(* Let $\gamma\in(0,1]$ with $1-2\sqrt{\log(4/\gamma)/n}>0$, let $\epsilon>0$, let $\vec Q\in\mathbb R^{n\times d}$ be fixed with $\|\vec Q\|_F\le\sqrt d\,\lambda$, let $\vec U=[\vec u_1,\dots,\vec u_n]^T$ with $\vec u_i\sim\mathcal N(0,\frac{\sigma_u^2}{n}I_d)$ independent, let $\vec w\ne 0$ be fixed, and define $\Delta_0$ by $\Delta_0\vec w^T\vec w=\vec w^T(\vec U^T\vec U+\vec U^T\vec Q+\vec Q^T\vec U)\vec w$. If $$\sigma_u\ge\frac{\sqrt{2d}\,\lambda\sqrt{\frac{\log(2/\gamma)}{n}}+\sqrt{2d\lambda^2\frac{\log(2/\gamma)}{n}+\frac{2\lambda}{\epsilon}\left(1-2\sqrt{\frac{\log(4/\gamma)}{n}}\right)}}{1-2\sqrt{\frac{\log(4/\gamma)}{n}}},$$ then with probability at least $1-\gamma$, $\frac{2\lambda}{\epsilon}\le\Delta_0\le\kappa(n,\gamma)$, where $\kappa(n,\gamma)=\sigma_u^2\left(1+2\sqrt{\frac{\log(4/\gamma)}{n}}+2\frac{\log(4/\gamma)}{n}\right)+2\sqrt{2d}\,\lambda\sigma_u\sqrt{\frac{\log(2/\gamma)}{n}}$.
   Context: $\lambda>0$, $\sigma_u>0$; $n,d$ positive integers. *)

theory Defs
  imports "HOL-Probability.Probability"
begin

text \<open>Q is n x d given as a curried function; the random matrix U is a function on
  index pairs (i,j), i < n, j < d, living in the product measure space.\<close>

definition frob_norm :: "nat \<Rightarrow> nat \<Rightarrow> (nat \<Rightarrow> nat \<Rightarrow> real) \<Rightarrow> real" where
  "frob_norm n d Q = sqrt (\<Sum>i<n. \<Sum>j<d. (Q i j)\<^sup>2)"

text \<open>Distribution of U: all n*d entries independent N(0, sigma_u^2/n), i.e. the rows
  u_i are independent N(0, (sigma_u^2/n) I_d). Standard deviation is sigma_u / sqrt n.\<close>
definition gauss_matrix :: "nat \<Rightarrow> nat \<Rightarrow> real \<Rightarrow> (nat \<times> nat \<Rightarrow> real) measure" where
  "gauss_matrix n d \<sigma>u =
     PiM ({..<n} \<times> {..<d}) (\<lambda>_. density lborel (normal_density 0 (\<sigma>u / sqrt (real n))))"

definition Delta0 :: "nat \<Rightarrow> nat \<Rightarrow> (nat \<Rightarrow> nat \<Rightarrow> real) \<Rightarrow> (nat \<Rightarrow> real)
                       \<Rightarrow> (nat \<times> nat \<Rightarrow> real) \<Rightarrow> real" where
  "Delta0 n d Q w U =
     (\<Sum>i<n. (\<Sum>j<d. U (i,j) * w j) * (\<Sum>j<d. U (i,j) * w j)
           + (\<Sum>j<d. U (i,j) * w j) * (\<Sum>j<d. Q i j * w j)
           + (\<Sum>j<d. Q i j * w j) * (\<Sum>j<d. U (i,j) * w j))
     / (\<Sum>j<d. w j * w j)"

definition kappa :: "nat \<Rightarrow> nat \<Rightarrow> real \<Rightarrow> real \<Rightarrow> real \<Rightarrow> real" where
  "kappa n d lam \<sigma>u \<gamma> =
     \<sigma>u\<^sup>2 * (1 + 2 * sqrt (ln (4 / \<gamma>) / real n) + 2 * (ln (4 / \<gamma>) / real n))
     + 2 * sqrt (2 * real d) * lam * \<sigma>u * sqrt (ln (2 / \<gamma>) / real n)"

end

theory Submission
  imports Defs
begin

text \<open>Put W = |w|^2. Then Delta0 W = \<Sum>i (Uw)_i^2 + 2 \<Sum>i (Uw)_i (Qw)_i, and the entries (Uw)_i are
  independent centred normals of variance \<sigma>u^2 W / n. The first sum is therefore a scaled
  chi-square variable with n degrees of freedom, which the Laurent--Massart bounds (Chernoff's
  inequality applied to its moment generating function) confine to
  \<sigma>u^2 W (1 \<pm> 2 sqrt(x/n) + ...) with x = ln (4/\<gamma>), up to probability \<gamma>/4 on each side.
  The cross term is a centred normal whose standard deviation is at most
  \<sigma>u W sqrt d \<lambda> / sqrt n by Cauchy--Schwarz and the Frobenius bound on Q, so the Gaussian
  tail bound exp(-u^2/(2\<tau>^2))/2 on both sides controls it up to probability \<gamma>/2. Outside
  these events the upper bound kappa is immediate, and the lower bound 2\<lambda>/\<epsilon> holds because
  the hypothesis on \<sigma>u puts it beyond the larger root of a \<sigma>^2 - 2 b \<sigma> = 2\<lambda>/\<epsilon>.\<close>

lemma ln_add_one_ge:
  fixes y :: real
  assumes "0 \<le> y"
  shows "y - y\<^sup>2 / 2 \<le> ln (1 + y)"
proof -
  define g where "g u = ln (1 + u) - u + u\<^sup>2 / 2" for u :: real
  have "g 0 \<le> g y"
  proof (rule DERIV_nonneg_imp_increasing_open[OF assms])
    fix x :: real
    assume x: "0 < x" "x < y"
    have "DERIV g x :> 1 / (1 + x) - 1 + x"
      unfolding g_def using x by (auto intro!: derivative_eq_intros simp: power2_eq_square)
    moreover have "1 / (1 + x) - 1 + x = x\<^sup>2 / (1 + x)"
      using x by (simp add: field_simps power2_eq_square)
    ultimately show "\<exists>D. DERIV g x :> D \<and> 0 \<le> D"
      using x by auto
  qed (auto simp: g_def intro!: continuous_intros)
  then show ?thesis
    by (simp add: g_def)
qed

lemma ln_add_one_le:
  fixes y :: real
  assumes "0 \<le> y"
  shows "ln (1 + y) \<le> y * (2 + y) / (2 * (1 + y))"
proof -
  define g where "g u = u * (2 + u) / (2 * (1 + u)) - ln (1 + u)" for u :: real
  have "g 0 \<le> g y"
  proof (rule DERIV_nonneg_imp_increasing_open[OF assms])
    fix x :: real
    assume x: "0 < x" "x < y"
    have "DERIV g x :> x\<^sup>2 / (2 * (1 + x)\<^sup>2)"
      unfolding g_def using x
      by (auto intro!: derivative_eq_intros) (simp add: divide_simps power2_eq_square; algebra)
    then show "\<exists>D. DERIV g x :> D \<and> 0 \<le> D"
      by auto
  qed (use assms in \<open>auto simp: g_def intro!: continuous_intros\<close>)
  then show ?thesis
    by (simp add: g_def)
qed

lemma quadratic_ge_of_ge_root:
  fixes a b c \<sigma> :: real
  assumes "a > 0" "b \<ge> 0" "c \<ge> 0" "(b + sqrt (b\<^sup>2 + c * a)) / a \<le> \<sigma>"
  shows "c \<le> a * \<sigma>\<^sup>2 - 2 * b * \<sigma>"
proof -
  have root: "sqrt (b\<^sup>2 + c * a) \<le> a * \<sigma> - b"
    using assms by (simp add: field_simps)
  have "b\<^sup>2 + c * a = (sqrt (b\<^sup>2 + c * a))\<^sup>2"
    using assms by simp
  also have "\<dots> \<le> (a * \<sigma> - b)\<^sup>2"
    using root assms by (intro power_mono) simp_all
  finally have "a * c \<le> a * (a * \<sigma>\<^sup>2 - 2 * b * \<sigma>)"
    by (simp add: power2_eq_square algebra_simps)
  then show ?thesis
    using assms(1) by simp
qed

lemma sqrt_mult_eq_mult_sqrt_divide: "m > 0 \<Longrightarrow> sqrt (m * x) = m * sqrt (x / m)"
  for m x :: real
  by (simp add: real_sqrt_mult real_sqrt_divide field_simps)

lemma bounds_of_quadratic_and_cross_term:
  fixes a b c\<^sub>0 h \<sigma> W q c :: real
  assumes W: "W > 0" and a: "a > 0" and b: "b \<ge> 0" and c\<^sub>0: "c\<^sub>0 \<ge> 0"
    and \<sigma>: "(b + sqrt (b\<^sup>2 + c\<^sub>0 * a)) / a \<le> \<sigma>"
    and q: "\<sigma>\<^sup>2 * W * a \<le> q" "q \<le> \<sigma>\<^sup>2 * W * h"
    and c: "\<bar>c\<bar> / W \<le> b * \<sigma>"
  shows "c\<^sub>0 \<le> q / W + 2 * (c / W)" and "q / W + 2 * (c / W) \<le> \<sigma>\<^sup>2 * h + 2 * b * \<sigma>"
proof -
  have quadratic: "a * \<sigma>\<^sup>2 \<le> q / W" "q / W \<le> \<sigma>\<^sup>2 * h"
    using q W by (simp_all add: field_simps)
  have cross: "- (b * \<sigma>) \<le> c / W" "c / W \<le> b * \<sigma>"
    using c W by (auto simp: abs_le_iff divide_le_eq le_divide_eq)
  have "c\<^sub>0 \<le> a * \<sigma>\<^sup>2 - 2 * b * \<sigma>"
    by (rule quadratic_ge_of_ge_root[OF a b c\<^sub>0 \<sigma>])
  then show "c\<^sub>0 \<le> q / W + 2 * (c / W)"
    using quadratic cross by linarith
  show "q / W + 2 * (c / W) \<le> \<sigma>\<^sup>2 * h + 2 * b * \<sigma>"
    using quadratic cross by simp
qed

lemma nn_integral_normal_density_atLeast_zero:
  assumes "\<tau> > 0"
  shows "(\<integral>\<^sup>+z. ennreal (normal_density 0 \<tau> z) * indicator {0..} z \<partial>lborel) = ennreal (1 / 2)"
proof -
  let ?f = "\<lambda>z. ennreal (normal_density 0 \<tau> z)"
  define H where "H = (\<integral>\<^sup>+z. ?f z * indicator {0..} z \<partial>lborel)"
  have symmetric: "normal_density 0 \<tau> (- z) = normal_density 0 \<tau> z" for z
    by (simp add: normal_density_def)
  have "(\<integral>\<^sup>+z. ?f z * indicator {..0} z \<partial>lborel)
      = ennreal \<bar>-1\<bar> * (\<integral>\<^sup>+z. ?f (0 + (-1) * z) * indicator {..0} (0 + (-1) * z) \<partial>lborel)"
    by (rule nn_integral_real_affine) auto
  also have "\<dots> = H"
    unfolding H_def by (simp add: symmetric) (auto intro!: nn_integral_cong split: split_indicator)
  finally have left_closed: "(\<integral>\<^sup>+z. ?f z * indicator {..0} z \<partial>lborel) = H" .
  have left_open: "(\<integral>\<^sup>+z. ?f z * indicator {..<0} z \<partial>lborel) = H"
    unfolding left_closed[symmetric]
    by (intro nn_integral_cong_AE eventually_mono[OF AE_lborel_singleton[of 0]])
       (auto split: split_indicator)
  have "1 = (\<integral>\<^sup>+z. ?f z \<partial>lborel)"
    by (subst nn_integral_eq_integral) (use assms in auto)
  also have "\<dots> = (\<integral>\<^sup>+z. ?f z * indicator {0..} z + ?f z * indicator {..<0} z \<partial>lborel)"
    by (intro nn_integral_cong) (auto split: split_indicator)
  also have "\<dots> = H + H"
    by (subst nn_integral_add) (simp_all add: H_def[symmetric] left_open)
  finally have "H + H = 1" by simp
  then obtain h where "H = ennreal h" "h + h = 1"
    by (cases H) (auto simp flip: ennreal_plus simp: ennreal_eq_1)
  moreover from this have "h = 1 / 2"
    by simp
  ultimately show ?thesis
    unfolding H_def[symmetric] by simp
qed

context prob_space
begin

**Aim of the exercise**:
Filter the entries down to the lines with the word "kappa" in them, and copy those lines.

**Answer for the task**:
(* Let $\gamma\in(0,1]$ with $1-2\sqrt{\log(4/\gamma)/n}>0$, let $\epsilon>0$, let $\vec Q\in\mathbb R^{n\times d}$ be fixed with $\|\vec Q\|_F\le\sqrt d\,\lambda$, let $\vec U=[\vec u_1,\dots,\vec u_n]^T$ with $\vec u_i\sim\mathcal N(0,\frac{\sigma_u^2}{n}I_d)$ independent, let $\vec w\ne 0$ be fixed, and define $\Delta_0$ by $\Delta_0\vec w^T\vec w=\vec w^T(\vec U^T\vec U+\vec U^T\vec Q+\vec Q^T\vec U)\vec w$. If $$\sigma_u\ge\frac{\sqrt{2d}\,\lambda\sqrt{\frac{\log(2/\gamma)}{n}}+\sqrt{2d\lambda^2\frac{\log(2/\gamma)}{n}+\frac{2\lambda}{\epsilon}\left(1-2\sqrt{\frac{\log(4/\gamma)}{n}}\right)}}{1-2\sqrt{\frac{\log(4/\gamma)}{n}}},$$ then with probability at least $1-\gamma$, $\frac{2\lambda}{\epsilon}\le\Delta_0\le\kappa(n,\gamma)$, where $\kappa(n,\gamma)=\sigma_u^2\left(1+2\sqrt{\frac{\log(4/\gamma)}{n}}+2\frac{\log(4/\gamma)}{n}\right)+2\sqrt{2d}\,\lambda\sigma_u\sqrt{\frac{\log(2/\gamma)}{n}}$.
definition kappa :: "nat \<Rightarrow> nat \<Rightarrow> real \<Rightarrow> real \<Rightarrow> real \<Rightarrow> real" where
  "kappa n d lam \<sigma>u \<gamma> =
  these events the upper bound kappa is immediate, and the lower bound 2\<lambda>/\<epsilon> holds because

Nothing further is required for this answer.